__Exercise__. Every line from the one with "text \<open>p lies" to the one with "1) g \<and>", including those two, is to be copied exactly; all other lines of the entries below are left out.

__Records for processing__.
=-=-=

(* Let $d>1$ be an integer. With $\mathcal{L}_d$ the vector bundle on $\mathbb{P}^5=\mathbb{P}(\wedge^2S_1)$ defined as the kernel of $\bar\tau_d\otimes 1: H^0(\mathbb{P}^3,T\mathbb{P}^3(d-1))\otimes\mathcal{O}_{\mathbb{P}^5}\to S_{d+1}\otimes\mathcal{O}_{\mathbb{P}^5}(1)$, $\varphi\otimes\omega\mapsto\omega\cdot\varphi$, let $\mathbb{P}(\mathcal{L}_d)\subset\mathbb{P}^5\times\mathbb{F}_d$ be the associated projective subbundle and $\mathbb{L}_d\subset\mathbb{F}_d$ its image under the second projection $\mathbf{p}$ (the variety of Legendrian foliations of degree $d$). Then $\mathbf{p}:\mathbb{P}(\mathcal{L}_d)\to\mathbb{L}_d$ is generically bijective; i.e. a general $\varphi\in\mathbb{L}_d$ is tangent to one and only one distribution $\omega\in\mathbb{P}^5\setminus\mathbb{G}$.
   Context: Work over $\mathbb{C}$. Let $x_1,\dots,x_4$ be homogeneous coordinates on $\mathbb{P}^3$, $S_k$ the space of homogeneous polynomials of degree $k$ in $x_1,\dots,x_4$, $\partial_R=\sum x_i\partial_{x_i}$. The space of foliations of dimension one and degree $d$ is $\mathbb{F}_d:=\mathbb{P}(H^0(\mathbb{P}^3,T\mathbb{P}^3(d-1)))$ with $H^0(\mathbb{P}^3,T\mathbb{P}^3(d-1))=(S_d\otimes\langle\partial_{x_1},\dots,\partial_{x_4}\rangle)/(S_{d-1}\cdot\partial_R)$, elements represented by $\varphi=\sum p_i\partial_{x_i}$, $p_i\in S_d$. Points of $\mathbb{P}^5=\mathbb{P}(\wedge^2S_1)$ are degree-$0$ distributions $\omega=\sum_{i<j}\alpha_{ij}(x_jdx_i-x_idx_j)$ (antisymmetric $4\times 4$ matrices up to scalar); with $\omega=\sum a_idx_i$, set $\omega\cdot\varphi:=\sum a_ip_i\in S_{d+1}$, and $\varphi$ is tangent to $\omega$ if $\omega\cdot\varphi=0$. $\mathbb{G}\subset\mathbb{P}^5$ is the Pfaff–Plücker quadric of rank-$2$ matrices; its complement consists of contact forms (rank $4$). The kernel sheaf $\mathcal{L}_d$ is locally free on $\mathbb{P}^5$; over $\mathbb{P}^5\setminus\mathbb{G}$ its fiber at $\omega$ is $\{\varphi\mid\omega\cdot\varphi=0\}$. *)

theory Defs
  imports Complex_Main "HOL-Library.Poly_Mapping"
begin

text \<open>Polynomials in the variables x_0,...,x_3 (indices 0..3 stand for x_1..x_4) with
complex coefficients: finitely supported maps from monomials (exponent vectors) to coefficients.\<close>

type_synonym mpoly = "(nat \<Rightarrow>\<^sub>0 nat) \<Rightarrow>\<^sub>0 complex"

definition var :: "nat \<Rightarrow> mpoly" where
  "var i = Poly_Mapping.single (Poly_Mapping.single i 1) 1"

definition const :: "complex \<Rightarrow> mpoly" where
  "const c = Poly_Mapping.single 0 c"

text \<open>p lies in S_k: homogeneous of degree k in x_0..x_3 (0 is in every S_k).\<close>
definition hom :: "nat \<Rightarrow> mpoly \<Rightarrow> bool" where
  "hom k p \<longleftrightarrow> (\<forall>m \<in> Poly_Mapping.keys p. Poly_Mapping.keys (m::nat \<Rightarrow>\<^sub>0 nat) \<subseteq> {..<4} \<and> (\<Sum>i<4. Poly_Mapping.lookup m i) = k)"

text \<open>Representatives phi = sum p_i d/dx_i with p_i in S_d: the space S_d \<otimes> <d/dx_i>.\<close>
definition VF :: "nat \<Rightarrow> (nat \<Rightarrow> mpoly) set" where
  "VF d = {\<phi>. (\<forall>i<4. hom d (\<phi> i)) \<and> (\<forall>i\<ge>4. \<phi> i = 0)}"

definition Rad :: "nat \<Rightarrow> (nat \<Rightarrow> mpoly) set" where
  "Rad d = {\<phi>. \<exists>g. hom (d - 1) g \<and> (\<forall>i<4. \<phi> i = g * var i) \<and> (\<forall>i\<ge>4. \<phi> i = 0)}"

text \<open>Degree-0 distributions: antisymmetric 4x4 matrices alpha (indices 0..3).\<close>
definition antisym4 :: "(nat \<Rightarrow> nat \<Rightarrow> complex) \<Rightarrow> bool" where
  "antisym4 A \<longleftrightarrow> (\<forall>i j. A i j = - A j i) \<and> (\<forall>i j. 4 \<le> i \<or> 4 \<le> j \<longrightarrow> A i j = 0)"

text \<open>Pfaffian; the Pfaff-Pluecker quadric G is its zero locus (rank-2 matrices).\<close>
definition pfaff :: "(nat \<Rightarrow> nat \<Rightarrow> complex) \<Rightarrow> complex" where
  "pfaff A = A 0 1 * A 2 3 - A 0 2 * A 1 3 + A 0 3 * A 1 2"

definition contact :: "(nat \<Rightarrow> nat \<Rightarrow> complex) \<Rightarrow> bool" where
  "contact A \<longleftrightarrow> antisym4 A \<and> pfaff A \<noteq> 0"

text \<open>omega = sum_{i<j} A i j (x_j dx_i - x_i dx_j) = sum_i a_i dx_i with
  a_i = sum_j A i j x_j.\<close>
definition form_coeff :: "(nat \<Rightarrow> nat \<Rightarrow> complex) \<Rightarrow> nat \<Rightarrow> mpoly" where
  "form_coeff A i = (\<Sum>j<4. const (A i j) * var j)"

definition tangent :: "(nat \<Rightarrow> nat \<Rightarrow> complex) \<Rightarrow> (nat \<Rightarrow> mpoly) \<Rightarrow> bool" where
  "tangent A \<phi> \<longleftrightarrow> (\<Sum>i<4. form_coeff A i * \<phi> i) = 0"

inductive_set polyfun :: "((nat \<Rightarrow> mpoly) \<Rightarrow> complex) set" where
  pf_const: "(\<lambda>\<phi>. c) \<in> polyfun"
| pf_coord: "(\<lambda>\<phi>. Poly_Mapping.lookup (\<phi> i) m) \<in> polyfun"
| pf_add: "f \<in> polyfun \<Longrightarrow> g \<in> polyfun \<Longrightarrow> (\<lambda>\<phi>. f \<phi> + g \<phi>) \<in> polyfun"
| pf_mult: "f \<in> polyfun \<Longrightarrow> g \<in> polyfun \<Longrightarrow> (\<lambda>\<phi>. f \<phi> * g \<phi>) \<in> polyfun"

definition zclosure :: "nat \<Rightarrow> (nat \<Rightarrow> mpoly) set \<Rightarrow> (nat \<Rightarrow> mpoly) set" where
  "zclosure d A = {\<phi> \<in> VF d. \<forall>f \<in> polyfun. (\<forall>\<psi> \<in> A. f \<psi> = 0) \<longrightarrow> f \<phi> = 0}"

text \<open>Representatives of foliations (nonzero in H^0(TP^3(d-1))) tangent to some contact form.\<close>
definition tangent_to_contact :: "nat \<Rightarrow> (nat \<Rightarrow> mpoly) set" where
  "tangent_to_contact d = {\<phi> \<in> VF d. \<phi> \<notin> Rad d \<and> (\<exists>A. contact A \<and> tangent A \<phi>)}"

text \<open>Representatives of points of L_d = p(P(L_d)) = closure of the foliations tangent to a
contact form.\<close>
definition Legendrian :: "nat \<Rightarrow> (nat \<Rightarrow> mpoly) set" where
  "Legendrian d = {\<phi> \<in> zclosure d (tangent_to_contact d). \<phi> \<notin> Rad d}"

end

theory Submission
  imports Defs "Jordan_Normal_Form.Determinant"
begin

=-=-=

__Solution for this problem__.
text \<open>p lies in S_k: homogeneous of degree k in x_0..x_3 (0 is in every S_k).\<close>
definition hom :: "nat \<Rightarrow> mpoly \<Rightarrow> bool" where
  "hom k p \<longleftrightarrow> (\<forall>m \<in> Poly_Mapping.keys p. Poly_Mapping.keys (m::nat \<Rightarrow>\<^sub>0 nat) \<subseteq> {..<4} \<and> (\<Sum>i<4. Poly_Mapping.lookup m i) = k)"

text \<open>Representatives phi = sum p_i d/dx_i with p_i in S_d: the space S_d \<otimes> <d/dx_i>.\<close>
definition VF :: "nat \<Rightarrow> (nat \<Rightarrow> mpoly) set" where
  "VF d = {\<phi>. (\<forall>i<4. hom d (\<phi> i)) \<and> (\<forall>i\<ge>4. \<phi> i = 0)}"

definition Rad :: "nat \<Rightarrow> (nat \<Rightarrow> mpoly) set" where
  "Rad d = {\<phi>. \<exists>g. hom (d - 1) g \<and> (\<forall>i<4. \<phi> i = g * var i) \<and> (\<forall>i\<ge>4. \<phi> i = 0)}"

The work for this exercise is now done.